Proposal: to make binfmt-misc with wine workable and make Wine compadiblity modes more like Windows compadiblity mode.

Peter Dolding oiaohm at gmail.com
Tue Jun 30 21:09:12 CDT 2015 

On 6/26/15, Vincent Povirk <madewokherd at gmail.com> wrote:
>> By adding a exe.mainfest with wine data or exe.winemainfest file marks
>> the
>> application as clearly to be opened by wine.
>
> FWIW Mono currently uses .exe.config files.
http://stackoverflow.com/questions/2916023/app-config-vs-appname-exe-config
.exe,config is part of a general .net application.    .config is not
for application compatibility like exe.manifest is.

Finding a .config file does not tell you if the .net applications is
for Linux or for .net inside wine or what version .net.
>
>> Also just using MINE type does not tell you want WINEPREFIX the
>> application owns to.
>
> In any normal case, an exe file that "belongs to" a wineprefix will be
> located in its C drive. That shouldn't be hard to find by traversing
> parent directories.
>
That is presuming no symbolic or hardlinks in the process.  Traversing
directories is not dependable.   So this part of the process you most
likely want to pop up a Window/text on console asking user if
tranvering is correct then record the users reply.

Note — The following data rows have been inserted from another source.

lemma block_range: "l < L \<Longrightarrow> block l \<in> {1..m}"
proof -
  assume "l < L"
  hence "l < q * m" using L_le by simp
  hence "l div q < m" using q_pos by (simp add: less_mult_imp_div_less mult.commute)
  thus "block l \<in> {1..m}" unfolding block_def by simp
qed

lemma y_exponent_less: "y_exponent l < q"
  unfolding y_exponent_def using q_pos by simp

lemma y_exponent_le: "y_exponent l \<le> q - 1"
  using y_exponent_less[of l] by linarith

lemma poly_node_poly: "i \<in> {1..m} \<Longrightarrow> poly node_poly x = (x - \<alpha> i) * poly (cofactor i) x"
  unfolding node_poly_def cofactor_def by (simp add: poly_prod prod.remove left_diff_distrib)

lemma poly_cofactor_eq_0: "i \<in> {1..m} \<Longrightarrow> i' \<in> {1..m} \<Longrightarrow> i' \<noteq> i \<Longrightarrow> poly (cofactor i') (\<alpha> i) = 0"
  unfolding cofactor_def poly_prod by (rule prod_zero) auto

lemma poly_cofactor_ne_0: "i \<in> {1..m} \<Longrightarrow> poly (cofactor i) (\<alpha> i) \<noteq> 0"
  unfolding cofactor_def poly_prod using inj_onD[OF inj_\<alpha>] by (auto simp: prod_zero_iff)

lemma degree_node_poly: "degree node_poly \<le> m"
  unfolding node_poly_def using degree_prod_sum_le[of "{1..m}" "\<lambda>i. [:- \<alpha> i, 1:]"] by (simp add: o_def)

lemma degree_cofactor: "i \<in> {1..m} \<Longrightarrow> degree (cofactor i) \<le> m - 1"
  unfolding cofactor_def using degree_prod_sum_le[of "{1..m} - {i}" "\<lambda>i. [:- \<alpha> i, 1:]"] by (simp add: o_def)

lemma R_x_ne_\<alpha>: "n \<in> {1..N} \<Longrightarrow> l < L \<Longrightarrow> fst (R n) - \<alpha> (block l) \<noteq> 0"
  using R_avoids_\<alpha> block_range by auto

lemma inj_on_snd_P: "i \<in> {1..m} \<Longrightarrow> inj_on (\<lambda>z. snd (P i z)) {1..q}"
  using inj_on_snd_if_fst_eq[OF inj_P] P_on_curve by blast

definition message :: "(nat \<Rightarrow> 'a) \<Rightarrow> 'a \<times> 'a \<Rightarrow> 'a" where
  "message d Q = (\<Sum>l<L. d l * snd Q ^ y_exponent l * poly (cofactor (block l)) (fst Q))"

lemma message_in_RR: "message d \<in> RR (q * m + deg_answer)"
  unfolding message_def
proof (intro RR_sum)
  fix l assume "l \<in> {..<L}"
  hence i: "block l \<in> {1..m}" using block_range by simp
  have "(q + 1) * y_exponent l \<le> (q + 1) * (q - 1)"
    using y_exponent_le by (rule mult_le_mono2)
  also have "\<dots> = q * q - 1" by (simp add: algebra_simps)
  also have "\<dots> \<le> q + deg_answer"
    unfolding deg_answer_def deg_T_def two_genus using T_pos q_pos by (simp add: algebra_simps)
  moreover have "1 \<le> m" using i by simp
  hence "degree (cofactor (block l)) + 1 \<le> m" using degree_cofactor[OF i] by linarith
  hence "q * (degree (cofactor (block l)) + 1) \<le> q * m" by (rule mult_le_mono2)
  hence "q * degree (cofactor (block l)) + q \<le> q * m" by (simp add: distrib_left)
  ultimately have "(q + 1) * y_exponent l + q * degree (cofactor (block l)) \<le> q * m + deg_answer"
    by linarith
  hence "RR ((q + 1) * y_exponent l + q * degree (cofactor (block l))) \<subseteq> RR (q * m + deg_answer)"
    by (rule RR_mono)
  moreover have "(\<lambda>Q. snd Q ^ y_exponent l * poly (cofactor (block l)) (fst Q))
      \<in> RR ((q + 1) * y_exponent l + q * degree (cofactor (block l)))"
    by (rule RR_mult[OF RR_snd_power RR_poly_fst])
  ultimately have "(\<lambda>Q. snd Q ^ y_exponent l * poly (cofactor (block l)) (fst Q)) \<in> RR (q * m + deg_answer)"
    by blast
  from RR_scale[OF this, of "d l"]
  show "(\<lambda>Q. d l * snd Q ^ y_exponent l * poly (cofactor (block l)) (fst Q)) \<in> RR (q * m + deg_answer)"
    by (simp add: mult.assoc)
qed

text \<open>At \<open>x = \<alpha> i\<close> only the symbols of block \<open>i\<close> survive in a message, as a polynomial
  in \<open>y\<close> of degree less than \<open>q\<close>.\<close>
definition block_poly :: "(nat \<Rightarrow> 'a) \<Rightarrow> nat \<Rightarrow> 'a poly" where
  "block_poly d i = (\<Sum>l\<in>{l. l < L \<and> block l = i}. monom (d l) (y_exponent l))"

lemma degree_block_poly: "degree (block_poly d i) < q"
proof -
  have "degree (block_poly d i) \<le> q - 1" unfolding block_poly_def
    by (intro degree_sum_le order.trans[OF degree_monom_le] y_exponent_le) simp
  thus ?thesis using q_pos by simp
qed

lemma coeff_block_poly:
  assumes "l < L"
  shows "coeff (block_poly d (block l)) (y_exponent l) = d l"
proof -
  have "y_exponent l' = y_exponent l \<longleftrightarrow> l' = l" if "block l' = block l" for l'
  proof
    assume "y_exponent l' = y_exponent l"
    moreover have "l' div q = l div q" using that unfolding block_def by simp
    ultimately show "l' = l" unfolding y_exponent_def by (metis div_mult_mod_eq)
  qed simp
  hence "coeff (block_poly d (block l)) (y_exponent l) = (\<Sum>l'\<in>{l'. l' < L \<and> block l' = block l}. if l' = l then d l' else 0)"
    unfolding block_poly_def coeff_sum coeff_monom by (intro sum.cong) auto
  also have "\<dots> = d l" using assms by simp
  finally show ?thesis .
qed

lemma message_at_\<alpha>:
  assumes "i \<in> {1..m}"
  shows "message d (\<alpha> i, y) = poly (block_poly d i) y * poly (cofactor i) (\<alpha> i)"
proof -
  have "message d (\<alpha> i, y) = (\<Sum>l\<in>{l. l < L \<and> block l = i}. d l * y ^ y_exponent l * poly (cofactor (block l)) (\<alpha> i))"
    unfolding message_def fst_conv snd_conv using poly_cofactor_eq_0[OF assms block_range]
    by (intro sum.mono_neutral_right) auto
  thus ?thesis unfolding block_poly_def by (simp add: poly_sum poly_monom sum_distrib_right)
qed

text \<open>The block polynomial vanishes at the \<open>q\<close> distinct \<open>y\<close>-coordinates of the points \<open>P i z\<close>.\<close>
lemma message_eq_0:
  assumes vanish: "\<forall>Q\<in>H. message d Q + poly node_poly (fst Q) * h Q = 0" and "l < L"
  shows "d l = 0"
proof -
  define i where "i = block l"
  have i: "i \<in> {1..m}" using block_range[OF \<open>l < L\<close>] unfolding i_def .
  have "poly (block_poly d i) (snd (P i z)) = 0" if "z \<in> {1..q}" for z
  proof -
    have "(\<alpha> i, snd (P i z)) \<in> H" using P_on_curve i that by (metis prod.collapse)
    hence "message d (\<alpha> i, snd (P i z)) + poly node_poly (\<alpha> i) * h (\<alpha> i, snd (P i z)) = 0"
      using vanish by (metis fst_conv)
    thus ?thesis using message_at_\<alpha>[OF i] poly_node_poly[OF i] poly_cofactor_ne_0[OF i] by simp
  qed
  hence "block_poly d i = 0"
    using poly_eq_0_if_card_roots[OF inj_on_snd_P[OF i]] degree_block_poly by simp
  thus ?thesis using coeff_block_poly[OF \<open>l < L\<close>, of d] unfolding i_def by simp
qed

text \<open>The relation the decoder inverts: \<open>d\<close> explains the answers \<open>As\<close> up to interference
  from \<open>RR deg_answer\<close>, after clearing the denominators \<open>x - \<alpha> i\<close> of the queries.\<close>
definition consistent :: "'a list \<Rightarrow> 'a list \<Rightarrow> bool" where
  "consistent As d \<longleftrightarrow> length d = L \<and> (\<exists>h\<in>RR deg_answer. \<forall>n\<in>{1..N}.
     poly node_poly (fst (R n)) * As ! (n - 1) = message (nth d) (R n) + poly node_poly (fst (R n)) * h (R n))"

lemma consistent_unique:
  assumes "consistent As d" "consistent As d'"
  shows "d = d'"
proof -
  obtain h h' where h: "h \<in> RR deg_answer" "h' \<in> RR deg_answer"
    and eq: "\<forall>n\<in>{1..N}. message (nth d) (R n) + poly node_poly (fst (R n)) * h (R n)
                         = message (nth d') (R n) + poly node_poly (fst (R n)) * h' (R n)"
    using assms unfolding consistent_def by force
  define F where "F Q = message (\<lambda>l. d ! l - d' ! l) Q + poly node_poly (fst Q) * (h Q - h' Q)" for Q
  have F_eq: "F Q = (message (nth d) Q + poly node_poly (fst Q) * h Q)
      - (message (nth d') Q + poly node_poly (fst Q) * h' Q)" for Q
    unfolding F_def message_def by (simp add: algebra_simps sum_subtractf)
  have "(\<lambda>Q. poly node_poly (fst Q)) \<in> RR (q * m)"
    using RR_poly_fst[of node_poly] RR_mono[of "q * degree node_poly" "q * m"] degree_node_poly by auto
  hence "(\<lambda>Q. poly node_poly (fst Q) * (h Q - h' Q)) \<in> RR (q * m + deg_answer)"
    using RR_mult RR_diff[OF h] by blast
  hence "F \<in> RR (q * m + deg_answer)" unfolding F_def using RR_add[OF message_in_RR] by blast
  moreover have "\<forall>Q\<in>R ` {1..N}. F Q = 0" using eq F_eq by auto
  moreover have "q * m + deg_answer < card (R ` {1..N})"
    using card_image[OF inj_R] N_gt unfolding deg_answer_def deg_X_def deg_T_def by simp
  ultimately have "\<forall>Q\<in>H. F Q = 0" using RR_eq_0_if_card_zeros_gt[OF _ R_on_curve] by blast
  hence "d ! l - d' ! l = 0" if "l < L" for l
    using message_eq_0[of "\<lambda>l. d ! l - d' ! l" "\<lambda>Q. h Q - h' Q"] that unfolding F_def by blast
  thus ?thesis using assms unfolding consistent_def by (auto intro: nth_equalityI)
qed

text \<open>The mask of symbol \<open>(j, l)\<close> has the random coefficients \<open>Z (j, l, \<mu>)\<close> on the monomials of
  \<open>RR s\<close>; randomness is handed over as the list of all coefficients in a fixed enumeration of
  the index set.\<close>
definition symbols :: "nat \<Rightarrow> (nat \<times> nat) list" where
  "symbols M = List.product [1..<M + 1] [0..<L]"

Normal case is presuming user does not alter install directory of
applications.   Basically this is users have to do it your way or
else.   Instead of making the system as tolerant as possible.   Like
under windows installing on D: instead of C: is acceptable users
install application on z: somewhere should also be acceptable    So
breaking solve by Traversing.  So Traversing covers only a limited
number of cases and is not dependable so should have user interaction
if used.   Yes I don't want to have to ask a user every time they run
a executable if I have the right wineprefix.

>> Yes setting up binfmt-misc requires root.  But binfmt-misc is where non
>> native
>> Linux applications requiring Linux security permissions should start
>> their execution path.
>
> We shouldn't condone assigning security permissions to specific win32
> exe files beyond what the user naturally has. Currently, we cannot
> protect the exe process from anything else the user does, so it's
> effectively the same as giving that permission to any user that can
> execute the file.

Please note setcap on a file can also block permissions.   So you can
make a program run with Less permissions than your current user.   The
fact this currently cannot work its both ways.

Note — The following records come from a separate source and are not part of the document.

(* Consider the Estimation phase of the ENE algorithm described in the context, and fix an agent $n$. Let $E_n^{j,1,M+1}$ be the event $\left|\bar r_n^{j,1,M+1}-\mathbb E\,\bar r_n^{j,1,M+1}\right|>2^{-N-4}\,\mathbb E\,\bar r_n^{j,1,M+1}$. Then $\mathbb P(E_n^{j,1,M+1})=O\left(\exp(-j^{1.4})\right)$ as $j\to\infty$.
   Context: Model. $N$ agents share $M$ resources. Time is slotted. The load of an agent accessing a resource is the number of agents (including itself) accessing the same resource at the same time. Each agent $n$ has a utility $U_{n,1,1}\in[0,U_{\max}]$ for resource 1, constant in time; its utility on resource 1 with load $\ell$ is $U_{n,1,\ell}=U_{n,1,1}/\ell$. An agent accessing a resource observes the reward equal to its utility plus noise $\nu$, where $\nu$ is zero-mean sub-Gaussian with variance proxy $b$, i.i.d. over time and agents. Block $M+1$ of the Estimation phase of the ENE algorithm: time is divided into epochs $i=1,2,\dots$, and in epoch $i$ this block has $i$ time steps. At each such time step each agent independently accesses resource 1 with probability $1/2$ and otherwise accesses no resource. $\bar r_n^{j,1,M+1}$ is the average of agent $n$'s rewards over all time steps of this block in epochs $1,\dots,j$ in which agent $n$ accessed resource 1. *)

theory Defs
  imports "HOL-Probability.Probability" "HOL-Library.Landau_Symbols"
begin

text \<open>Time steps of block M+1 are enumerated consecutively over epochs: epoch i
  occupies the steps t with i(i-1)/2 \<le> t < i(i+1)/2, so epochs 1..j are the
  steps t < j(j+1)/2.\<close>
definition steps_upto :: "nat \<Rightarrow> nat" where
  "steps_upto j = j * (j + 1) div 2"

definition subgaussian :: "'a measure \<Rightarrow> ('a \<Rightarrow> real) \<Rightarrow> real \<Rightarrow> bool" where
  "subgaussian M X b \<longleftrightarrow> integrable M X \<and> integral\<^sup>L M X = 0 \<and>
     (\<forall>s::real. integrable M (\<lambda>\<omega>. exp (s * X \<omega>)) \<and>
        integral\<^sup>L M (\<lambda>\<omega>. exp (s * X \<omega>)) \<le> exp (s\<^sup>2 * b / 2))"

definition load :: "nat \<Rightarrow> (nat \<Rightarrow> nat \<Rightarrow> 'a \<Rightarrow> bool) \<Rightarrow> nat \<Rightarrow> 'a \<Rightarrow> nat" where
  "load N A t \<omega> = card {k. k < N \<and> A t k \<omega>}"

text \<open>Average reward of agent n over the steps of block M+1 in epochs 1..j in
  which n accessed resource 1 (reward = U/load + noise). Convention: 0 if there
  is no such step (division by zero is 0 in Isabelle).\<close>
definition rbar :: "nat \<Rightarrow> nat \<Rightarrow> real \<Rightarrow> (nat \<Rightarrow> nat \<Rightarrow> 'a \<Rightarrow> bool) \<Rightarrow>
    (nat \<Rightarrow> nat \<Rightarrow> 'a \<Rightarrow> real) \<Rightarrow> nat \<Rightarrow> 'a \<Rightarrow> real" where
  "rbar N n U A \<nu> j \<omega> =
     (let S = {t. t < steps_upto j \<and> A t n \<omega>}
      in (\<Sum>t\<in>S. U / real (load N A t \<omega>) + \<nu> t n \<omega>) / real (card S))"

end

theory Submission
  imports Defs "HOL-Real_Asymp.Real_Asymp"
begin

text \<open>
  Let a_t indicate that agent n accesses resource 1 at step t, y_t = a_t U / load_t be its utility,
  z_t = a_t nu_t its noise, and mu = 2 E y_t. With S = sum_t a_t over the T = j (j + 1) / 2 steps
  of epochs 1..j and W_t = y_t - mu a_t, the average reward is rbar = mu + (sum_t W_t + sum_t z_t) / S
  whenever S > 0. Since W_t + z_t vanishes unless a_t = 1, the summand (W_t + z_t) / S equals
  (W_t + z_t) / (1 + R_t) with R_t = sum_(s ~= t) a_s, which is independent of W_t + z_t; hence
  E rbar = mu P(S > 0). The variables 1/2 - a_t, W_t and z_t are independent over t and sub-Gaussian
  (the first two by Hoeffding's lemma), so outside an event of probability exp(-Omega(T)) we have
  S > T / 4 and |sum_t W_t|, |sum_t z_t| < eps mu T / 32, which keeps rbar within relative error eps
  of its mean. Finally exp(-Omega(j^2)) is O(exp(-j^1.4)).
\<close>

section \<open>Sub-Gaussian random variables\<close>

lemma subgaussian_mono:
  assumes "subgaussian M X b" and "b \<le> b'"
  shows "subgaussian M X b'"
proof -
  have "exp (s\<^sup>2 * b / 2) \<le> exp (s\<^sup>2 * b' / 2)" for s :: real
    using assms(2) by (simp add: mult_left_mono)
  with assms(1) show ?thesis
    unfolding subgaussian_def by (meson order_trans)
qed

http://linux.die.net/man/3/cap_from_text
Most setcap for capabilities are done using the + operator but a -
operator is supported to take capabilities away.  So a setcap with
all-eip is fairly run without any of the users assigned capabilities.

So this is a double sided tech that cannot be used at the moment.
>
> Of course, giving special permissions to wineloader is ALSO the same
> as doing that, but the solution is to give the permissions to the
> target program in some way that actually works, rather than switch to
> a different way that doesn't.
>
> I would suggest running these programs in a dedicated account.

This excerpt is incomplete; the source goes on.